Lastly, to show that $\int_{a}^{b} f = (R)\int_{a}^{b} f$, it is enough to show that the set of discontinuities of $f$ is measure zero, by Lebesgue's theorem. Again, by Lebesgue's theorem, the set of discontinuities of each $f_n$ is measure zero. Can I use this and uniform convergence to show that $f$ is Riemann integrable?
Best Answer
If you are already aware of Lebesgue's criteria for Riemann integrability ($f$ is Riemann integrable iff $f$ is continuous everywhere outside a set of measure zero) then of course, you can deduce the integrability of $f$ from this. Suppose $D_n$ is the set of discontinuities of $f_n$ and let $D=\bigcup_nD_n$. Since $f_n$ converges uniformly to $f$, then $f$ is continuous on $[a,b]\setminus D$ (continuity is presented by uniform convergence) The countable union of sets of measure $0$ is also of measure $0$. Then $f$ is continuous outside $D$ (a set of measure $0$) and hence, $f$ is Riemann integrable.
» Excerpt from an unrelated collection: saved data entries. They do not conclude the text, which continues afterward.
(* Let $\nu\in[0,1]$, let $\|u\|_C=[(1-\nu)\|u\|_1^2+\nu\|u\|_2^2]^{1/2}$ on $\mathbb{R}^N$ and $\|\cdot\|_R=\|\cdot\|_2$ on $\mathbb{R}^P$, and let $F(A)=(1-\nu)\sum_{i,j=1}^N|A_{ij}|+\nu\operatorname{tr}A$ for symmetric $A\in\mathbb{R}^{N\times N}$ (so that $F(uu^\top)=\|u\|_C^2$). Then for every $X\in\mathbb{R}^{N\times P}$, $$\|X\|_D\ \ge\ \inf\Big\{\tfrac12F(A)+\tfrac12\operatorname{tr}\big(X^\top A^{+}X\big)\;:\;A\in\mathbb{R}^{N\times N},\ A\succeq0,\ \operatorname{range}(X)\subseteq\operatorname{range}(A)\Big\},$$ where $A^+$ is the Moore–Penrose pseudo-inverse.
   Context: For $M\ge 1$ and $X\in\mathbb{R}^{N\times P}$, $f_D^M(X)=\inf\{\tfrac12\sum_{m=1}^M(\|u_m\|_C^2+\|v_m\|_R^2): U=[u_1,\dots,u_M]\in\mathbb{R}^{N\times M}, V=[v_1,\dots,v_M]\in\mathbb{R}^{P\times M}, X=UV^\top\}$ (with $\inf\emptyset=+\infty$), and the decomposition norm is $\|X\|_D=\lim_{M\to\infty}f_D^M(X)$. *)

theory Defs
  imports "HOL-Analysis.Analysis"
begin

definition normC :: "real \<Rightarrow> real^'n \<Rightarrow> real" where
  "normC \<nu> u = sqrt ((1 - \<nu>) * (\<Sum>i\<in>UNIV. \<bar>u $ i\<bar>)\<^sup>2 + \<nu> * (norm u)\<^sup>2)"

definition normR :: "real^'p \<Rightarrow> real" where
  "normR v = norm v"
(* For every integer $n\ge 7$ there exists a $2$-connected detour covered graph of order $n$ which is not cummerbund covered. For every integer $n\ge 12$ there exists a $2$-connected cummerbund covered graph of order $n$ which is not detour covered.
   Context: All graphs are finite and simple. A detour of a graph is a longest path in the graph, and a cummerbund is a longest cycle. A graph is detour covered if every vertex lies in some detour, and cummerbund covered if every vertex lies in some cummerbund. *)

theory Defs
  imports Main
begin

definition simple_graph :: "'a set \<Rightarrow> ('a \<Rightarrow> 'a \<Rightarrow> bool) \<Rightarrow> bool" where
  "simple_graph V E \<longleftrightarrow> finite V \<and> (\<forall>x y. E x y \<longrightarrow> x \<in> V \<and> y \<in> V)
     \<and> (\<forall>x y. E x y \<longrightarrow> E y x) \<and> (\<forall>x. \<not> E x x)"

definition induced :: "('a \<Rightarrow> 'a \<Rightarrow> bool) \<Rightarrow> 'a set \<Rightarrow> 'a \<Rightarrow> 'a \<Rightarrow> bool" where
  "induced E S = (\<lambda>x y. E x y \<and> x \<in> S \<and> y \<in> S)"

definition connected_graph :: "'a set \<Rightarrow> ('a \<Rightarrow> 'a \<Rightarrow> bool) \<Rightarrow> bool" where
  "connected_graph V E \<longleftrightarrow> V \<noteq> {} \<and> (\<forall>u\<in>V. \<forall>v\<in>V. (induced E V)\<^sup>*\<^sup>* u v)"

definition k_connected :: "nat \<Rightarrow> 'a set \<Rightarrow> ('a \<Rightarrow> 'a \<Rightarrow> bool) \<Rightarrow> bool" where
  "k_connected k V E \<longleftrightarrow> card V > k \<and>
     (\<forall>X. X \<subseteq> V \<and> card X < k \<longrightarrow> connected_graph (V - X) (induced E (V - X)))"
lemma subfield_of_order_mult:
  fixes x y :: "'a::{field,finite}"
  assumes "x \<in> subfield_of_order (CHAR('a) ^ d)" and "y \<in> subfield_of_order (CHAR('a) ^ d)"
  shows "x * y \<in> subfield_of_order (CHAR('a) ^ d)"
  using assms by (simp add: subfield_of_order_def power_mult_distrib)

lemma subfield_of_order_uminus:
  assumes "(x::'a::{field,finite}) \<in> subfield_of_order (CHAR('a) ^ d)"
  shows "- x \<in> subfield_of_order (CHAR('a) ^ d)"
proof -
  have "(- x) ^ CHAR('a) ^ d + x ^ CHAR('a) ^ d = (- x + x) ^ CHAR('a) ^ d"
    by (rule freshmans_dream'[OF prime_CHAR_finite_field refl, symmetric])
  also have "\<dots> = 0"
    using prime_gt_0_nat[OF prime_CHAR_finite_field[where 'a='a]] by simp
  finally show ?thesis
    using assms by (simp add: subfield_of_order_def add_eq_0_iff2)
qed

lemma subfield_of_order_sum:
  fixes f :: "'b \<Rightarrow> 'a::{field,finite}"
  assumes "\<And>i. i \<in> A \<Longrightarrow> f i \<in> subfield_of_order (CHAR('a) ^ d)"
  shows "(\<Sum>i\<in>A. f i) \<in> subfield_of_order (CHAR('a) ^ d)"
  using assms
  by (simp add: subfield_of_order_def freshmans_dream_sum'[OF prime_CHAR_finite_field refl])

section \<open>Matrices supported on the last column\<close>

definition col_supported :: "nat \<Rightarrow> 'a::zero mat \<Rightarrow> bool" where
  "col_supported n M \<longleftrightarrow> M \<in> carrier_mat (n+1) (n+1) \<and> (\<forall>i<n+1. \<forall>k<n. M $$ (i,k) = 0)"

definition corner_unit :: "nat \<Rightarrow> 'a::{zero,one} mat" where
  "corner_unit n = mat (n+1) (n+1) (\<lambda>(i,k). if i = n \<and> k = n then 1 else 0)"

definition centralizer :: "'a::semiring_1 mat set \<Rightarrow> 'a mat \<Rightarrow> 'a mat set" where
  "centralizer R e = {t \<in> R. t * e = e * t}"

lemma J_ideal_iff: "M \<in> J_ideal n \<longleftrightarrow> col_supported n M \<and> M $$ (n,n) = 0"
  unfolding J_ideal_def col_supported_def by (auto simp: less_Suc_eq)

lemma col_supported_corner_unit: "col_supported n (corner_unit n :: 'a::{zero,one} mat)"
  unfolding col_supported_def corner_unit_def by auto

lemma corner_unit_diag: "(corner_unit n :: 'a::{zero,one} mat) $$ (n,n) = 1"
  unfolding corner_unit_def by simp

lemma col_supported_corner_unit_plus:
  assumes "j \<in> J_ideal n"
  shows "col_supported n (corner_unit n + j)" and "(corner_unit n + j) $$ (n,n) = 1"
  using assms unfolding J_ideal_iff col_supported_def corner_unit_def by auto

lemma index_mult_mat_split_last:
  assumes "x \<in> carrier_mat (n+1) (n+1)" "y \<in> carrier_mat (n+1) (n+1)" "i < n+1" "k < n+1"
  shows "(x * y) $$ (i,k) = (\<Sum>l<n. x $$ (i,l) * y $$ (l,k)) + x $$ (i,n) * y $$ (n,k)"
  using assms by (simp add: scalar_prod_def lessThan_atLeast0 row_def col_def)

lemma index_mult_col_supported_left:
  assumes "col_supported n x" "y \<in> carrier_mat (n+1) (n+1)" "i < n+1" "k < n+1"
  shows "(x * y) $$ (i,k) = x $$ (i,n) * y $$ (n,k)"
  using assms index_mult_mat_split_last[of x n y i k] by (simp add: col_supported_def)

lemma index_mult_col_supported_right:
  assumes "x \<in> carrier_mat (n+1) (n+1)" "col_supported n y" "i < n+1" "k < n"
  shows "(x * y) $$ (i,k) = 0"
  using assms index_mult_mat_split_last[of x n y i k] by (simp add: col_supported_def)

lemma index_mult_last_row:
  assumes "x \<in> carrier_mat (n+1) (n+1)" "y \<in> carrier_mat (n+1) (n+1)" "k < n+1"
    and "\<And>l. l < n \<Longrightarrow> x $$ (n,l) = 0"
  shows "(x * y) $$ (n,k) = x $$ (n,n) * y $$ (n,k)"
  using assms index_mult_mat_split_last[of x n y n k] by simp

lemma mult_corner_idempotent:
  fixes x e :: "'a::semiring_1 mat"
  assumes "col_supported n x" "col_supported n e" "e $$ (n,n) = 1"
  shows "x * e = x"
proof (rule eq_matI)
  fix i k assume "i < dim_row x" "k < dim_col x"
  then have ik: "i < n+1" "k < n+1"
    using assms(1) by (auto simp: col_supported_def)
  then have "(x * e) $$ (i,k) = x $$ (i,n) * e $$ (n,k)"
    using assms(1,2) by (intro index_mult_col_supported_left) (auto simp: col_supported_def)
  then show "(x * e) $$ (i,k) = x $$ (i,k)"
    using assms ik by (cases "k = n") (auto simp: col_supported_def)
qed (use assms in \<open>auto simp: col_supported_def\<close>)

lemma corner_idempotent_mult_J_ideal:
  fixes e :: "'a::{field,finite} mat"
  assumes "col_supported n e" "j \<in> J_ideal n"
  shows "e * j = 0\<^sub>m (n+1) (n+1)"
proof (rule eq_matI)
  fix i k assume "i < dim_row (0\<^sub>m (n+1) (n+1) :: 'a mat)" "k < dim_col (0\<^sub>m (n+1) (n+1) :: 'a mat)"
  then have ik: "i < n+1" "k < n+1"
    by auto
  then have "(e * j) $$ (i,k) = e $$ (i,n) * j $$ (n,k)"
    using assms by (intro index_mult_col_supported_left) (auto simp: J_ideal_def)
  then show "(e * j) $$ (i,k) = 0\<^sub>m (n+1) (n+1) $$ (i,k)"
    using assms ik by (cases "k = n") (auto simp: J_ideal_iff col_supported_def)
qed (use assms in \<open>auto simp: col_supported_def J_ideal_def\<close>)

lemma J_ideal_diff: "x \<in> J_ideal n \<Longrightarrow> y \<in> J_ideal n \<Longrightarrow> x - y \<in> J_ideal n"
  unfolding J_ideal_def by auto

lemma mat_diff_eq_zero_iff:
  fixes x y :: "'a::ab_group_add mat"
  assumes "x \<in> carrier_mat a b" "y \<in> carrier_mat a b"
  shows "x - y = 0\<^sub>m a b \<longleftrightarrow> x = y"
proof
  assume diff: "x - y = 0\<^sub>m a b"
  show "x = y"
  proof (rule eq_matI)
    fix i j assume "i < dim_row y" "j < dim_col y"
    then have "(x - y) $$ (i,j) = 0"
      using assms by (simp add: diff)
    then show "x $$ (i,j) = y $$ (i,j)"
      using assms \<open>i < dim_row y\<close> \<open>j < dim_col y\<close> by simp
  qed (use assms in auto)
qed (use assms in \<open>simp add: minus_r_inv_mat\<close>)

lemma is_subalgebraD:
  assumes "is_subalgebra n R T"
  shows "T \<subseteq> R" and "1\<^sub>m (n+1) \<in> T" and "0\<^sub>m (n+1) (n+1) \<in> T"
    and "x \<in> T \<Longrightarrow> y \<in> T \<Longrightarrow> x + y \<in> T"
    and "x \<in> T \<Longrightarrow> y \<in> T \<Longrightarrow> x * y \<in> T"
    and "x \<in> T \<Longrightarrow> - x \<in> T"
  using assms unfolding is_subalgebra_def by blast+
If you are not aware of Lebesgue's result, you can prove integrability of $f$ through Darboux criteria: Here is a sketch of how one may approach this:
Given $\varepsilon>0$, there is $N_\varepsilon\in\mathbb{N}$ such that $\|f-f_n\|_u<\varepsilon/3(b-a)$ for all $n\geq N_\varepsilon$.
Since $f_N$ is Riemann integrable, there is a partition $\mathcal{P}_\varepsilon=\{a=x_0<\ldots<b_n=x_n\}$ of $[a,b]$ such that $U(f_N,P)-L(f_N,P)<\varepsilon/3$
It follows that
$\sup_{x\in[x_j,x_{j+1}]}f(x)=\sup_{x\in[x_j,x_{j+1}]}\big(f(x)-f_N(x)+f_N(x)\big)<\frac{\varepsilon}{3}(b-a) + \sup_{x\in[x_j,x_{j+1}]}f_N(x)$
$\inf_{x\in[x_j,x_{j+1}]}f(t)=\inf_{x\in[x_j,x_{j+1}]}\big(f(x)-f_N(x)+f_N(x)\big)> -\frac{\varepsilon}{3}(b-a) + \inf_{x\in[x_j,x_{j+1}]}f_N(x)$
Then $$\begin{align} U(f,P_\varepsilon)&=\sum^n_{j=1}\big(\sup_{x\in[x_j,x_{j+1}]}f(x)\big)\,(x_j-x_{j-1})\\ &<\frac{\varepsilon}{3}+\sum^n_{j=1}\big(\sup_{x\in[x_j,x_{j+1}]}f_N(x)\big)\,(x_j-x_{j-1})=\frac{\varepsilon}{3}+U(f_N,P_\varepsilon) \end{align}$$ and $$\begin{align} L(f,P_\varepsilon)&=\sum^n_{j=1}\big(\inf_{x\in[x_j,x_{j+1}]}f(x)\big)\,(x_j-x_{j-1})\\ &>\frac{\varepsilon}{3} +\sum^n_{j=1}\big(\inf_{x\in[x_j,x_{j+1}]}f_N(x)\big)\,(x_j-x_{j-1})=-\frac{\varepsilon}{3}+L(f_N,P_\varepsilon) \end{align}$$
Hence $$ U(f,P_\varepsilon) - L(f,P_\varepsilon)<\frac23\varepsilon +U(f_N,P_\varepsilon)-L(f,P_\varepsilon)<\varepsilon $$
This shows that $f$ is Riemann integrable.
To conclude, notice that since $|f(x)-f_n(x)|<\frac{\varepsilon}{3}(b-a)$ for all $x\in[a,b]$ and all $n\geq N_\varepsilon$ $$ \Big|\int^b_a(f-f_n)\Big|\leq\int^b_a|f-f_n|\leq \varepsilon/3,\qquad n\geq N_\varepsilon $$
This shows that $\lim_n\int^b_af_n=\int^b_af$.